1	BTS propensities are positive	True	Required for IPS on logged BTS-policy rows.
2	Random action support is broad	True	Each item has many observations in the sample.
3	Random weights are stable for uniform policy	True	Uniform evaluation from random logs should be ...
4	BTS requires more careful weighting	True	Adaptive logging creates more variable weights.

The readiness checklist summarizes whether the log has the essentials for OPE: rewards, actions, propensities, support, and enough sample size. Passing these checks justifies moving from EDA to estimator design.

Cache The BTS Sample

This cell saves the parsed BTS sample to parquet. The next notebooks can use this cache for quick diagnostics or comparisons without repeatedly scanning the large zip file.

The raw zip remains the source of truth. This parquet file is a local convenience artifact for faster iteration.

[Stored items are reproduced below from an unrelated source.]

lemma disagreement_le_edge_energy:
  assumes nodes: "E \<subseteq> {..<N} \<times> {..<N}" and connected: "\<forall>i<N. \<forall>j<N. (i, j) \<in> E\<^sup>*"
  obtains C where "0 < C" "\<And>l. disagreement N l \<le> C * edge_energy E l"
proof -
  have "finite E" using nodes by (rule finite_subset) auto
  have "\<forall>ij\<in>{..<N} \<times> {..<N}. \<exists>C\<ge>0. \<forall>l. (l (fst ij) - l (snd ij))\<^sup>2 \<le> C * edge_energy E l"
    using path_le_edge_energy[OF \<open>finite E\<close>] connected by (metis SigmaE fst_conv lessThan_iff snd_conv)
  then obtain Cp where Cp: "\<And>i j. i < N \<Longrightarrow> j < N \<Longrightarrow> 0 \<le> Cp (i, j)"
    "\<And>i j l. i < N \<Longrightarrow> j < N \<Longrightarrow> (l i - l j)\<^sup>2 \<le> Cp (i, j) * edge_energy E l"
    by (metis SigmaI fst_conv lessThan_iff snd_conv)
  define C where "C = 1 + (\<Sum>i<N. \<Sum>j<N. Cp (i, j))"
  have "0 \<le> (\<Sum>i<N. \<Sum>j<N. Cp (i, j))" using Cp(1) by (intro sum_nonneg) auto
  hence "0 < C" unfolding C_def by simp
  moreover have "disagreement N l \<le> C * edge_energy E l" for l
  proof -
    have "disagreement N l \<le> (\<Sum>i<N. \<Sum>j<N. Cp (i, j) * edge_energy E l)"
      unfolding disagreement_def using Cp(2) by (intro sum_mono) auto
    also have "\<dots> = (\<Sum>i<N. \<Sum>j<N. Cp (i, j)) * edge_energy E l" by (simp add: sum_distrib_right)
    also have "\<dots> \<le> C * edge_energy E l"
      unfolding C_def using edge_energy_nonneg[of E l] by (intro mult_right_mono) auto
    finally show ?thesis .
  qed
  ultimately show ?thesis by (rule that)
qed

lemma square_le_disagreement:
  assumes "i < N" "j < N"
  shows "(l i - l j)\<^sup>2 \<le> disagreement N l"
proof -
  have "(l i - l j)\<^sup>2 \<le> (\<Sum>j'<N. (l i - l j')\<^sup>2)"
    using member_le_sum[of j "{..<N}" "\<lambda>j'. (l i - l j')\<^sup>2"] assms by auto
  also have "\<dots> \<le> disagreement N l"
    unfolding disagreement_def using assms
    by (intro member_le_sum[of i "{..<N}" "\<lambda>i. \<Sum>j'<N. (l i - l j')\<^sup>2"]) (auto intro: sum_nonneg)
  finally show ?thesis .
qed

section \<open>The consensus dynamics\<close>

definition clustered :: "nat \<Rightarrow> real \<Rightarrow> real \<Rightarrow> (real \<Rightarrow> nat \<Rightarrow> real) \<Rightarrow> bool"
  where "clustered N rho T0 lam \<longleftrightarrow> (\<forall>s\<ge>T0. \<forall>i<N. \<forall>j<N. \<bar>lam s i - lam s j\<bar> \<le> rho)"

PROCESSED_DIR.mkdir(parents=True, exist_ok=True)
bts_df.to_parquet(BTS_SAMPLE_PATH, index=False)

BTS_SAMPLE_PATH

PosixPath('/home/apex/Documents/ranking_sys/data/processed/open_bandit_bts_men_sample.parquet')

This cell saves reusable outputs for downstream notebooks or the final writeup. Persisting these artifacts makes the project modular and prevents later notebooks from repeating expensive or fragile setup work.

Notebook 2 Takeaways

The Open Bandit logs pass the basic feasibility checks for off-policy evaluation: actions, rewards, and positive propensities are present.

The random/men sample is the best starting point for the first OPE estimators because its action support is broad and its propensities are nearly uniform. That makes simple IPS and SNIPS easier to explain and less sensitive to extreme weights.

The bts/men sample is valuable as a comparison because it shows the realistic complication introduced by adaptive logging. BTS concentrates more traffic on some actions and produces more variable propensities. That does not make BTS unusable, but it means later estimates need stronger diagnostics, possible weight clipping, and doubly robust modeling.

Notebook 3 should now define one or two simple evaluation policies and estimate their values with IPS and self-normalized IPS.